3.19.2007

Makeover For The Ugly American

So Senator McCain wants to improve the Ugly American image overseas. The problem is America's power and the global resentment of it. We are hated/disliked simply because of our power. And if the United States was supplanted tomorrow, the world would then hate the new power that took its place.

Too much of this anti-U.S. ranting seems adolescent.

5 comments:

The Lazy Iguana said...

It is not the power the USA has. It is how we are using that power.

America was not as hated in the 90s. Except for radical groups in the Middle East - but they do not like anybody.

When the USA rushes into a war, refuses to listen to any other nation, berates other nations for not agreeing 100% with our policy, renames French Fries to Freedom Fries (by the way - the French were right and Bush is wrong) - what do you think the result will be?

When you try to tell other nations that they are either with us or against us - then ignore anything they say to the contrary - you are going to end up with a lot of people against you.

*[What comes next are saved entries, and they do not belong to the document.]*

(* Let $T$ be the regular rooted tree of valence $p\geq 2$ (geometric realization, usual topology), equipped with the embedded wire diffeology $\mathcal{D}_T$. Then every $g\in\operatorname{Aut}T$, viewed as a map $g:T\to T$, is smooth with respect to $\mathcal{D}_T$.
   Context: Fix a finite alphabet $A$ with $|A|=p\geq 2$. The vertices of $T$ are the finite words over $A$ (the root is the empty word); the length $|u|$ of a word is its level; two vertices are joined by an edge iff they have the form $a_1\dots a_n$ and $a_1\dots a_na_{n+1}$. As a topological space, $T$ is the 1-dimensional CW complex obtained by realizing each edge as a copy of $[0,1]$, with its usual topology. $\operatorname{Aut}T$ is the group of bijections of the vertex set fixing the root and preserving adjacency; each such automorphism is regarded as a homeomorphism of the geometric realization, mapping each edge affinely onto its image edge. A diffeology on a set $X$ is a collection of maps $U\to X$ ("plots"), $U$ ranging over open subsets of all $\mathbb{R}^n$, containing all constant maps, closed under precomposition with smooth maps, and satisfying the sheaf condition (a map that is locally a plot is a plot). The diffeology generated by a set $\mathcal{A}$ of maps is the smallest diffeology containing $\mathcal{A}$. The embedded wire diffeology $\mathcal{D}_T$ is the diffeology on $T$ generated by all maps $\gamma:\mathbb{R}\to T$ that are injective, continuous, and homeomorphisms onto their images. A map $f:X\to Y$ of diffeological spaces is smooth if $f\circ P$ is a plot of $Y$ for every plot $P$ of $X$. *)

theory Defs
  imports "HOL-Analysis.Analysis"
begin

text \<open>Vertices are the words over the alphabet (type 'a, finite). A point of the
geometric realization is encoded as a pair (w, s): the root is ([], 0); for w a
nonempty word and 0 <= s < 1, (w, s) is the point on the edge joining w to its
parent (butlast w) at distance s from the vertex w.\<close>

definition Tcarrier :: "('a list \<times> real) set" where
  "Tcarrier = {(w, s). (w = [] \<and> s = 0) \<or> (w \<noteq> [] \<and> 0 \<le> s \<and> s < 1)}"

text \<open>Characteristic map of the closed edge with lower endpoint w (w nonempty):
parameter t in [0,1] is the distance from w; t = 1 is the parent vertex.\<close>
definition edgemap :: "'a list \<Rightarrow> real \<Rightarrow> 'a list \<times> real" where
  "edgemap w t = (if t = 1 then (butlast w, 0) else (w, t))"

text \<open>CW (weak) topology: U is open iff its preimage under every closed-edge map is
open in [0,1].\<close>
definition Ttop :: "('a list \<times> real) topology" where
  "Ttop = topology (\<lambda>U. U \<subseteq> Tcarrier \<and>
      (\<forall>w. w \<noteq> [] \<longrightarrow> openin (top_of_set {0..1}) {t \<in> {0..1}. edgemap w t \<in> U}))"

lemma edge_preimage_Int:
  "{t \<in> {0..1::real}. edgemap w t \<in> S \<inter> T} = {t \<in> {0..1}. edgemap w t \<in> S} \<inter> {t \<in> {0..1}. edgemap w t \<in> T}"
  by auto

lemma edge_preimage_Union:
  "{t \<in> {0..1::real}. edgemap w t \<in> \<Union>K} = \<Union>((\<lambda>S. {t \<in> {0..1}. edgemap w t \<in> S}) ` K)"
  by auto

lemma istopology_Ttop:
  "istopology (\<lambda>U. U \<subseteq> Tcarrier \<and>
      (\<forall>w. w \<noteq> [] \<longrightarrow> openin (top_of_set {0..1}) {t \<in> {0..1}. edgemap w t \<in> U}))"
  unfolding istopology_def edge_preimage_Int edge_preimage_Union
  by (auto intro!: openin_Int openin_Union)

definition tree_adj :: "'a list \<Rightarrow> 'a list \<Rightarrow> bool" where
  "tree_adj u v \<longleftrightarrow> (\<exists>a. v = u @ [a]) \<or> (\<exists>a. u = v @ [a])"

definition AutT :: "('a list \<Rightarrow> 'a list) set" where
  "AutT = {g. bij g \<and> g [] = [] \<and> (\<forall>u v. tree_adj u v \<longleftrightarrow> tree_adj (g u) (g v))}"

text \<open>Geometric realization of an automorphism: it maps the edge below w affinely
onto the edge below g w (levels are preserved, so orientations match).\<close>
definition realize :: "('a list \<Rightarrow> 'a list) \<Rightarrow> 'a list \<times> real \<Rightarrow> 'a list \<times> real" where
  "realize g p = (g (fst p), snd p)"

text \<open>R^n is encoded as the functions nat => real vanishing from index n on
(with the product topology, which is the Euclidean one on this subspace).\<close>
definition Rn :: "nat \<Rightarrow> (nat \<Rightarrow> real) set" where
  "Rn n = {x. \<forall>i\<ge>n. x i = 0}"

definition open_Rn :: "nat \<Rightarrow> (nat \<Rightarrow> real) set \<Rightarrow> bool" where
  "open_Rn n U \<longleftrightarrow> openin (top_of_set (Rn n)) U"

definition partial_der :: "nat \<Rightarrow> ((nat \<Rightarrow> real) \<Rightarrow> real) \<Rightarrow> (nat \<Rightarrow> real) \<Rightarrow> real" where
  "partial_der i h x = deriv (\<lambda>t. h (x(i := x i + t))) 0"

fun Ck_on :: "nat \<Rightarrow> nat \<Rightarrow> (nat \<Rightarrow> real) set \<Rightarrow> ((nat \<Rightarrow> real) \<Rightarrow> real) \<Rightarrow> bool" where
  "Ck_on 0 n U h = continuous_on U h"
| "Ck_on (Suc k) n U h = (continuous_on U h \<and>
     (\<forall>i<n. \<forall>x\<in>U. (\<lambda>t. h (x(i := x i + t))) differentiable (at 0)) \<and>
     (\<forall>i<n. Ck_on k n U (partial_der i h)))"

definition smooth_real :: "nat \<Rightarrow> (nat \<Rightarrow> real) set \<Rightarrow> ((nat \<Rightarrow> real) \<Rightarrow> real) \<Rightarrow> bool" where
  "smooth_real n U h \<longleftrightarrow> (\<forall>k. Ck_on k n U h)"

definition smooth_between ::
  "nat \<Rightarrow> (nat \<Rightarrow> real) set \<Rightarrow> nat \<Rightarrow> (nat \<Rightarrow> real) set \<Rightarrow> ((nat \<Rightarrow> real) \<Rightarrow> (nat \<Rightarrow> real)) \<Rightarrow> bool" where
  "smooth_between m U n V F \<longleftrightarrow> F ` U \<subseteq> V \<and> V \<subseteq> Rn n \<and> (\<forall>j<n. smooth_real m U (\<lambda>x. F x j))"

text \<open>A parametrization is a triple (n, U, P): U open in R^n, P : U -> X.
A diffeology on the set S is a set of parametrizations.\<close>
type_synonym 'x param = "nat \<times> (nat \<Rightarrow> real) set \<times> ((nat \<Rightarrow> real) \<Rightarrow> 'x)"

But the idea that America is always right and everyone else is always wrong is very popular with the red(neck) states. It allows people to drop out of school after 8th grade, wave a flag, and feel like they are better than anyone else.

America's image is going to be broken until we get someone in office who uses the massive power of this nation is a more responsible manner - and we stop acting like a bully.

Michael said...

More than the bully-perception, I think America is disliked for being arbitrary and unpredictable.

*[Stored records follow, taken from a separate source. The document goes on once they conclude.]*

lemma alg_indep_swap:
  assumes B: "is_subring B" and g: "alg_indep B N g" and "Suc j < N"
  shows "alg_indep B N (g(j := g (Suc j), Suc j := g j))" (is "alg_indep B N ?g")
  unfolding alg_indep_def
proof (intro allI impI)
  fix p assume "p < N"
  have below: "adjoin_upto B ?g j = adjoin_upto B g j" by (rule adjoin_upto_cong) auto
  have tj: "transcendental_over (adjoin_upto B g j) (g j)"
    and tj1: "transcendental_over (adjoin (adjoin_upto B g j) (g j)) (g (Suc j))"
    using g \<open>Suc j < N\<close> unfolding alg_indep_def by auto
  consider "p < j" | "p = j" | "p = Suc j" | "Suc (Suc j) \<le> p" by linarith
  then show "transcendental_over (adjoin_upto B ?g p) (?g p)"
  proof cases
    case 1
    then have "adjoin_upto B ?g p = adjoin_upto B g p" by (intro adjoin_upto_cong) auto
    with 1 g \<open>p < N\<close> show ?thesis unfolding alg_indep_def by simp
  next
    case 2
    with below tj1 show ?thesis
      by (auto intro: transcendental_over_subset[OF subset_adjoin[OF subring_adjoin_upto[OF B]]])
  next
    case 3
    with below tj1 show ?thesis using transcendental_over_swap[OF subring_adjoin_upto[OF B] tj] by simp
  next
    case 4
    with g \<open>p < N\<close> show ?thesis using adjoin_upto_swap[OF B 4] unfolding alg_indep_def by simp
  qed
qed

definition rotate_index :: "nat \<Rightarrow> nat \<Rightarrow> nat \<Rightarrow> nat" where
  "rotate_index m N i = (if i < m then i else if i < N - 1 then Suc i else m)"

For example, Bush stated, after 9/11, that the world is either with us, or with the terrorists, and proceeded to crush the Taliban.

He then got involved in the Middle East, and touts Abbas' Fatah (clearly a terrorist organization) as a model of moderation.

As Lazy said, the terrorists in the Mid East hate everyone in the West already, but the rest of the world will fear America until they can predict its actions.

Jandi for The Fuzz said...

We are the only ones who have ever nuked anyone.

Michael said...

fuzz:
That is correct, but put it in its context:
The US was embroiled in a bitter, bloody war with Japan. The Japanese were refusing to surrender, and were literally fighting to the death. The first attack at the Japanese homeland, at Okinawa, cost the US many thousands of casualties, and the Army was predicting hundreds of thousands of American, and a million or more Japanese casualties, in an invasion of the Japanese home islands.

In that context, the Hiroshima and Nagasaki bombs, by convincing the Japanese leadership to surrender, cost fewer lives than the continuation of conventional warfare.

I am not arguing for nuclear war, as the bombs also showed the truly devastating effects of atomic weapons; I am just saying that we must look at the historical context of nations' actions to understand them.

Jandi for The Fuzz said...

EG- I agree with you. It was the best thing at the time. I don't think we should ever categorically rule them out.